Impact of uncertainty in planetary boundary layer depth on concentration predictions

Accurate numerical weather prediction (NWP) and atmospheric transport and dispersion (AT&D) forecasts are essential for hazard prediction and consequence assessment. While there are many sources of error in AT&D applications, uncertainty in wind direction is generally considered the largest contributor. The next most important variables are the Planetary Boundary Layer (PBL) depth and stability. Since uncertainty in PBL depth can produce a corresponding uncertainty in estimated concentration, accurately predicting the PBL depth becomes a critical factor in determining the resulting concentration forecast.

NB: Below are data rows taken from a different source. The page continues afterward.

(* Since alpha >= beta + omega, write alpha = gamma + m with gamma a limit above beta. The
   coherence condition of R at gamma makes p n alpha a function of the block of terms
   p (n+1) zeta, zeta the i-th element of nu gamma n m with j(k) <= i < j(k+1), for every large k;
   choosing k large puts all these zeta into any prescribed tail of gamma. By induction on alpha,
   each p (n+1) zeta with beta + omega <= zeta < gamma is determined by finitely many terms of
   level > n+1 indexed in (beta, beta + omega); if gamma = beta + omega, the zeta in a tail
   already lie in that interval. Part (ii) is the case beta = 0, alpha = delta + m, because
   p n (delta + m) = x n m, and part (i) is the depends-only clause of R. *)

lemma osucc_gt: "(x::'o::{wellorder,no_top}) < osucc x"
  unfolding osucc_def by (rule LeastI_ex) (rule gt_ex)

lemma osucc_le: "(x::'o::{wellorder,no_top}) < y \<Longrightarrow> osucc x \<le> y"
  unfolding osucc_def by (rule Least_le)

lemma ozero_le: "ozero \<le> (x::'o::{wellorder,no_top})"
  unfolding ozero_def by (rule Least_le) (rule TrueI)

lemma oadd_0 [simp]: "oadd x 0 = x"
  by (simp add: oadd_def)

lemma oadd_Suc [simp]: "oadd x (Suc m) = osucc (oadd x m)"
  by (simp add: oadd_def)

In order to examine the effect of uncertainty in PBL depth on the downwind contaminant concentration, we examine a realistic but simple convective atmospheric boundary layer during the IHOP campaign that took place May through June 2002. Using a collection of MM5 forecasts/reanalyses that vary the physics parameterizations and include observed data, we explore the relationship between uncertainty in PBL depth and the resulting uncertainty in the concentration field. These MM5 forecasts were originally developed to create the ‘best' forecast for the given day. We use the various forecasts for PBL depth to define a realistic amount of ‘fuzziness' in that variable and therefore impact downwind concentration forecasts to some degree. We seek to relate the ‘fuzziness' in the forecast PBL depth to the resulting uncertainty in the downwind concentration field.